I have had this bottle since it was gifted to me in the mid-1990s. It was at the time a brand found mainly in the St. Louis market and not available in Kentucky. Heaven Hill made this whiskey under the DBA (Doing Business As) of The Old 1889 Distillery Co., Bardstown, Ky.  This whiskey was made at the Bardstown Heaven Hill Distillery before the 1996 fire that destroyed the distillery.

It is a common practice for distilleries to use DBA designation with products. This practice has been around since the 19th century. When they were making whiskey for a rectifier without a distillery, or another distillery who needed additional whiskey, they would fill out some paperwork with the government gauger and call the distillery “The ____ (fill in name of customer) Distillery” for the time that they were making the contracted whiskey. 

The practice today is more common for a distillery who had purchased a brand but not the distillery. For example, there is no Old Grand Dad Distillery, the whiskey is made at Jim Beam, but the label will read “Distilled and Bottled by the Old Grand Dad Distillery Company, Clermont, Ky.” – a DBA for Jim Beam, just as Old 1889 Distillery Co. is a DBA for Heaven Hill. The on-site government gauger is gone from the distillery today, and I am not up on the present day regulations, so the distillery may simply fill out some paperwork for their DBA brands when they bottle them now, but it is the same principle followed the distillers of the 19th century.

Old 1889 Royal Bourbon

Proof: 86

Age: 12 Years Old

Nose: Fairly simple nose of caramel, peach fruit, a little ginger spice, leather and oak wood.

Taste: I can tell this was made at Heaven Hill, Bardstown. When the whiskey is over six years old, I start tasting a rotten peach note. I know other people who get the same note from older Elijah Craig whiskey from Heaven hill, Bardstown, but not everyone does. It is something genetic like people who taste soap when they eat cilantro. That rotten peach flavor is in this whiskey, but only lightly compared to what I have tasted in other whiskeys from that distillery. Caramel and oak are all I get out of the whiskey other than the rotten peach. When tasted with a dried cranberry, the rotten peach actually goes away and a little chocolate comes out. When tasted with a pecan the whiskey becomes minty.
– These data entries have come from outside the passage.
lemma act_mem_hyps:
  assumes G: "finite_mat_group G" and "w \<in> G" and "H \<in> hyps G"
  shows "act w H \<in> hyps G"
proof -
  obtain s where s: "s \<in> G" "pseudo_reflection s" "H = fixspace s"
    using \<open>H \<in> hyps G\<close> unfolding hyps_def refl_set_def by auto
  have w: "invertible w" "matrix_inv w \<in> G" using G \<open>w \<in> G\<close> unfolding finite_mat_group_def by auto
  define s' where "s' = w ** s ** matrix_inv w"
  have "s' \<in> G" using G \<open>w \<in> G\<close> s(1) w(2) unfolding finite_mat_group_def s'_def by auto
  hence "invertible s'" using G unfolding finite_mat_group_def by auto
  moreover have "s' \<noteq> mat 1"
  proof
    assume "s' = mat 1"
    moreover have "matrix_inv w ** s' ** w = s" unfolding s'_def
      by (metis matrix_mul_assoc matrix_mul_lid matrix_mul_rid matrix_mul_matrix_inv(2)[OF w(1)])
    ultimately show False using s(2) matrix_mul_matrix_inv(2)[OF w(1)]
      unfolding pseudo_reflection_def by simp
  qed
  moreover have "fixspace s' = act w H" unfolding s'_def s(3) by (rule fixspace_conjugate[OF w(1)])
  moreover have "is_hyperplane (act w H)"
    using is_hyperplane_act[OF w(1)] s(2,3) unfolding pseudo_reflection_def by auto
  ultimately show ?thesis using \<open>s' \<in> G\<close> unfolding hyps_def refl_set_def pseudo_reflection_def
    by (metis (mono_tags, lifting) image_eqI mem_Collect_eq)
qed

lemma act_act_matrix_inv:
  assumes "invertible w"
  shows "act w (act (matrix_inv w) H) = H"
  unfolding act_def image_image
  by (simp add: matrix_vector_mul_assoc matrix_mul_matrix_inv[OF assms])

lemma noncrossing_edge_if_not_transversal:
  assumes "H \<in> hyps G" "K \<in> hyps G" "H \<noteq> K" "\<not> transversal G H K"
  shows "noncrossing_edge G (H \<inter> K)"
  unfolding noncrossing_edge_def codim2_edge_def crossing_edge_def
proof (intro conjI notI)
  show "\<exists>H'\<in>hyps G. \<exists>K'\<in>hyps G. H' \<noteq> K' \<and> H \<inter> K = H' \<inter> K'" using assms by blast
next
  assume "\<exists>H'\<in>hyps G. \<exists>K'\<in>hyps G. transversal G H' K' \<and> H \<inter> K = H' \<inter> K'"
  then obtain H' K' where "transversal G H' K'" "H \<inter> K = H' \<inter> K'" by blast
  hence edge: "{L \<in> hyps G. H \<inter> K \<subseteq> L} = {H', K'}" unfolding transversal_def by simp
  have "H \<in> {H', K'}" "K \<in> {H', K'}" using edge assms(1,2) by blast+
  hence "{H, K} = {H', K'}" using assms(3) by auto
  thus False using edge assms(3,4) unfolding transversal_def by simp
qed

lemma prod_list_map_move_to_front:
  fixes f :: "'a \<Rightarrow> 'b::monoid_mult"
  assumes "\<forall>x\<in>set xs. f u * f x = f x * f u"
  shows "prod_list (map f (xs @ u # ys)) = f u * prod_list (map f (xs @ ys))"
  using assms by (induction xs) (simp_all add: mult.assoc[symmetric])

lemma lin_span_sum_mem: "finite F \<Longrightarrow> F \<subseteq> X \<Longrightarrow> (\<Sum>z\<in>F. \<iota> (c z) * z) \<in> lin_span \<iota> X"
  unfolding lin_span_def by blast

lemma lin_span_zero: "0 \<in> lin_span \<iota> X"
  using lin_span_sum_mem[of "{}" X \<iota>] by simp

context
  fixes \<iota> :: "complex \<Rightarrow> 'b::ring_1"
  assumes \<iota>: "complex_algebra_str \<iota>"
begin

lemma scalar_one: "\<iota> 1 = 1"
  and scalar_add: "\<iota> (a + b) = \<iota> a + \<iota> b"
  and scalar_mult: "\<iota> (a * b) = \<iota> a * \<iota> b"
  and scalar_commute: "\<iota> a * x = x * \<iota> a"
  using \<iota> unfolding complex_algebra_str_def by blast+

lemma scalar_zero: "\<iota> 0 = 0"
  using scalar_add[of 0 0] by simp

lemma mult_scalar_left_commute: "x * (\<iota> a * y) = \<iota> a * (x * y)"
  by (simp only: mult.assoc[symmetric] scalar_commute[of a x])

lemma lin_span_superset: "x \<in> X \<Longrightarrow> x \<in> lin_span \<iota> X"
  using lin_span_sum_mem[of "{x}" X \<iota> "\<lambda>_. 1"] by (simp add: scalar_one)

lemma lin_span_add:
  assumes "x \<in> lin_span \<iota> X" and "y \<in> lin_span \<iota> X"
  shows "x + y \<in> lin_span \<iota> X"
proof -
  obtain c F where x: "x = (\<Sum>z\<in>F. \<iota> (c z) * z)" "finite F" "F \<subseteq> X"
    using assms(1) unfolding lin_span_def by blast
  obtain d K where y: "y = (\<Sum>z\<in>K. \<iota> (d z) * z)" "finite K" "K \<subseteq> X"
    using assms(2) unfolding lin_span_def by blast
  define c' where "c' z = (if z \<in> F then c z else 0)" for z
  define d' where "d' z = (if z \<in> K then d z else 0)" for z
  have "x = (\<Sum>z\<in>F \<union> K. \<iota> (c' z) * z)"
    unfolding x(1) by (rule sum.mono_neutral_cong_left) (auto simp: x y c'_def scalar_zero)
  moreover have "y = (\<Sum>z\<in>F \<union> K. \<iota> (d' z) * z)"
    unfolding y(1) by (rule sum.mono_neutral_cong_left) (auto simp: x y d'_def scalar_zero)
  ultimately have "x + y = (\<Sum>z\<in>F \<union> K. \<iota> (c' z + d' z) * z)"
    by (simp add: scalar_add sum.distrib distrib_right)
  also have "\<dots> \<in> lin_span \<iota> X" by (rule lin_span_sum_mem) (use x y in auto)
  finally show ?thesis .
qed

lemma lin_span_scale:
  assumes "x \<in> lin_span \<iota> X"
  shows "\<iota> a * x \<in> lin_span \<iota> X"
proof -
  obtain c F where x: "x = (\<Sum>z\<in>F. \<iota> (c z) * z)" "finite F" "F \<subseteq> X"
    using assms unfolding lin_span_def by blast
  have "\<iota> a * x = (\<Sum>z\<in>F. \<iota> (a * c z) * z)"
    unfolding x(1) scalar_mult by (simp add: sum_distrib_left mult.assoc)
  also have "\<dots> \<in> lin_span \<iota> X" by (rule lin_span_sum_mem) (use x in auto)
  finally show ?thesis .
qed

lemma lin_span_sum: "(\<And>a. a \<in> A \<Longrightarrow> f a \<in> lin_span \<iota> X) \<Longrightarrow> sum f A \<in> lin_span \<iota> X"
  by (induction A rule: infinite_finite_induct) (auto simp: lin_span_zero lin_span_add)

lemma lin_span_mult_left:
  assumes "\<And>t. t \<in> X \<Longrightarrow> g * t \<in> lin_span \<iota> X" and "y \<in> lin_span \<iota> X"
  shows "g * y \<in> lin_span \<iota> X"
proof -
  obtain c F where y: "y = (\<Sum>z\<in>F. \<iota> (c z) * z)" "F \<subseteq> X"
    using assms(2) unfolding lin_span_def by blast
  have "g * y = (\<Sum>z\<in>F. \<iota> (c z) * (g * z))"
    unfolding y(1) sum_distrib_left
    by (rule sum.cong) (simp_all add: mult.assoc[symmetric] scalar_commute[of _ g])
  also have "\<dots> \<in> lin_span \<iota> X"
    using y(2) assms(1) by (intro lin_span_sum lin_span_scale) auto
  finally show ?thesis .
qed

lemma gen_subalg_prod_list: "set xs \<subseteq> X \<Longrightarrow> prod_list xs \<in> gen_subalg \<iota> X"
proof (induction xs)
  case Nil
  show ?case using gen_subalg.scal[of \<iota> 1 X] by (simp add: scalar_one)
next
  case (Cons x xs)
  thus ?case by (simp add: gen_subalg.gen gen_subalg.mult)
qed

lemma gen_subalg_sum: "(\<And>a. a \<in> A \<Longrightarrow> f a \<in> gen_subalg \<iota> X) \<Longrightarrow> sum f A \<in> gen_subalg \<iota> X"
proof (induction A rule: infinite_finite_induct)
  case (insert a A)
  thus ?case by (simp add: gen_subalg.add)
qed (use gen_subalg.scal[of \<iota> 0 X] in \<open>simp_all add: scalar_zero\<close>)

lemma gen_subalg_mult_lin_span:
  assumes "\<And>g t. g \<in> X \<Longrightarrow> t \<in> S \<Longrightarrow> g * t \<in> lin_span \<iota> S"
    and "x \<in> gen_subalg \<iota> X" and "y \<in> lin_span \<iota> S"
  shows "x * y \<in> lin_span \<iota> S"
  using assms(2,3)
proof (induction x arbitrary: y rule: gen_subalg.induct)
  case (scal c) thus ?case by (rule lin_span_scale)
next
  case (gen x) show ?case by (rule lin_span_mult_left) (use assms(1) gen in auto)
next
  case (add x1 x2) thus ?case by (simp add: distrib_right lin_span_add)
next
  case (mult x1 x2) thus ?case by (simp add: mult.assoc)
qed

lemma gen_subalg_eq_lin_span:
  assumes "1 \<in> lin_span \<iota> S"
    and "\<And>g t. g \<in> X \<Longrightarrow> t \<in> S \<Longrightarrow> g * t \<in> lin_span \<iota> S"
    and "S \<subseteq> gen_subalg \<iota> X"
  shows "gen_subalg \<iota> X = lin_span \<iota> S"
proof
  show "gen_subalg \<iota> X \<subseteq> lin_span \<iota> S"
  proof
    fix x assume "x \<in> gen_subalg \<iota> X"
    from gen_subalg_mult_lin_span[OF assms(2) this assms(1)] show "x \<in> lin_span \<iota> S" by simp
  qed
  show "lin_span \<iota> S \<subseteq> gen_subalg \<iota> X"
  proof
    fix x assume "x \<in> lin_span \<iota> S"
    then obtain c F where "x = (\<Sum>z\<in>F. \<iota> (c z) * z)" "F \<subseteq> S" unfolding lin_span_def by blast
    thus "x \<in> gen_subalg \<iota> X"
      using assms(3) by (auto intro!: gen_subalg_sum gen_subalg.mult gen_subalg.scal)
  qed
qed

end

locale BG_algebra =
  fixes G :: "'n::finite cmat set"
    and \<mu> :: "'n cmat \<Rightarrow> complex" and \<tau> :: "'n cvec set \<Rightarrow> complex"
    and \<iota> :: "complex \<Rightarrow> 'b::ring_1" and T :: "'n cmat \<Rightarrow> 'b" and e :: "'n cvec set \<Rightarrow> 'b"
  assumes group: "finite_mat_group G"
    and scalars: "complex_algebra_str \<iota>"
    and relations: "BG_relations G \<mu> \<tau> \<iota> T e"
begin

lemma T_one: "T (mat 1) = 1"
  using relations by (simp add: BG_relations_def)

lemma T_mult: "w1 \<in> G \<Longrightarrow> w2 \<in> G \<Longrightarrow> T w1 * T w2 = T (w1 ** w2)"
  using relations by (simp add: BG_relations_def)

lemma e_square: "i \<in> hyps G \<Longrightarrow> e i * e i = \<iota> (\<tau> i) * e i"
  using relations by (simp add: BG_relations_def)

lemma T_mult_e: "i \<in> hyps G \<Longrightarrow> j \<in> hyps G \<Longrightarrow> w \<in> G \<Longrightarrow> act w j = i \<Longrightarrow> T w * e j = e i * T w"
  using relations by (simp add: BG_relations_def)

lemma e_commute_if_transversal:
  assumes "i \<in> hyps G" "j \<in> hyps G" "i \<noteq> j" "transversal G i j"
  shows "e i * e j = e j * e i"
proof -
  have "\<forall>i\<in>hyps G. \<forall>j\<in>hyps G. i \<noteq> j \<and> transversal G i j \<longrightarrow> e i * e j = e j * e i"
    using relations unfolding BG_relations_def by (elim conjE) assumption
  thus ?thesis using assms by blast
qed

lemma e_mult_noncrossing:
  "i \<in> hyps G \<Longrightarrow> j \<in> hyps G \<Longrightarrow> i \<noteq> j \<Longrightarrow> noncrossing_edge G (i \<inter> j) \<Longrightarrow> Rset G i j \<noteq> {} \<Longrightarrow>
    e i * e j = (\<Sum>s\<in>Rset G i j. \<iota> (\<mu> s) * T s) * e j"
  using relations by (simp add: BG_relations_def)

lemma e_mult_noncrossing_zero:
  "i \<in> hyps G \<Longrightarrow> j \<in> hyps G \<Longrightarrow> i \<noteq> j \<Longrightarrow> noncrossing_edge G (i \<inter> j) \<Longrightarrow> Rset G i j = {} \<Longrightarrow>
    e i * e j = 0"
  using relations by (simp add: BG_relations_def)

definition spanning_word :: "'n cvec set list \<Rightarrow> bool" where
  "spanning_word ks \<longleftrightarrow> set ks \<subseteq> hyps G \<and> distinct ks \<and> (\<forall>u\<in>set ks. \<forall>v\<in>set ks. e u * e v = e v * e u)"

abbreviation span_B :: "'b set" where
  "span_B \<equiv> lin_span \<iota> (BG_spanning_set G T e)"

lemma T_prod_mem_span_B: "w \<in> G \<Longrightarrow> spanning_word ks \<Longrightarrow> T w * prod_list (map e ks) \<in> span_B"
  by (rule lin_span_superset[OF scalars]) (unfold BG_spanning_set_def spanning_word_def, blast)

lemma spanning_word_subset_hyps: "spanning_word ks \<Longrightarrow> set ks \<subseteq> hyps G"
  and spanning_word_distinct: "spanning_word ks \<Longrightarrow> distinct ks"
  and spanning_word_commute:
    "spanning_word ks \<Longrightarrow> u \<in> set ks \<Longrightarrow> v \<in> set ks \<Longrightarrow> e u * e v = e v * e u"
  unfolding spanning_word_def by blast+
Finish: Long, dry and peppery. The dried cranberry makes the finish shorter and sweeter with some lingering caramel notes and oak. The pecan adds a mint note to the finish.

I am pairing this Bourbon with a Nat Sherman Panamerica Gordo cigar. This cigar has a smoke that is sweet earthy tobacco with a touch of vanilla and caramel and a hint of dried fruit like prunes or apricots. The Bourbon added some spiciness to the smoke, but sweet spices like ginger or nutmeg, rather than pepper. The smoke made the finish of the Bourbon very peppery but more of a floral white pepper than a black pepper spice. Not a bad pairing.